• Your goal
Copy out the lines below that hold the word "using".

• Extracted data
lemma fiber_translate:
  assumes "W \<subseteq> Vsp (Suc m)"
  shows "fiber b (vadd (a0 # a) ` W) = vadd a ` fiber (a0 \<noteq> b) W"
proof
  show "fiber b (vadd (a0 # a) ` W) \<subseteq> vadd a ` fiber (a0 \<noteq> b) W"
  proof
    fix w assume "w \<in> fiber b (vadd (a0 # a) ` W)"
    then obtain x where x: "x \<in> W" "b # w = vadd (a0 # a) x" by (auto simp: fiber_def)
    moreover obtain c u where "x = c # u" using x(1) assms by (cases x) (auto simp: Vsp_def)
    ultimately show "w \<in> vadd a ` fiber (a0 \<noteq> b) W" by (auto simp: fiber_def)
  qed
  show "vadd a ` fiber (a0 \<noteq> b) W \<subseteq> fiber b (vadd (a0 # a) ` W)"
  proof
    fix w assume "w \<in> vadd a ` fiber (a0 \<noteq> b) W"
    then obtain u where u: "(a0 \<noteq> b) # u \<in> W" "w = vadd a u" by (auto simp: fiber_def)
    then have "b # w = vadd (a0 # a) ((a0 \<noteq> b) # u)" by auto
    then have "b # w \<in> vadd (a0 # a) ` W" using u(1) by (rule image_eqI)
    then show "w \<in> fiber b (vadd (a0 # a) ` W)" by (simp add: fiber_def)
  qed
qed

lemma slice_scaled_xvec: "slice b (\<lambda>v. c * xvec U v) = (\<lambda>w. c * xvec (fiber b U) w)"
  by (simp add: fun_eq_iff xvec_def fiber_def)

lemma finite_fiber: "W \<subseteq> Vsp (Suc m) \<Longrightarrow> finite (fiber b W)"
  using fiber_subset_Vsp finite_Vsp by (rule finite_subset)

lemma card_fibers_Un:
  assumes "W \<subseteq> Vsp (Suc m)" "fiber False W \<inter> fiber True W = {}"
  shows "card (fiber False W \<union> fiber True W) = card W"
  using assms card_fibers[OF assms(1)] by (simp add: card_Un_disjoint finite_fiber)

• Expected output
    moreover obtain c u where "x = c # u" using x(1) assms by (cases x) (auto simp: Vsp_def)
    then have "b # w \<in> vadd (a0 # a) ` W" using u(1) by (rule image_eqI)
  using fiber_subset_Vsp finite_Vsp by (rule finite_subset)
  using assms card_fibers[OF assms(1)] by (simp add: card_Un_disjoint finite_fiber)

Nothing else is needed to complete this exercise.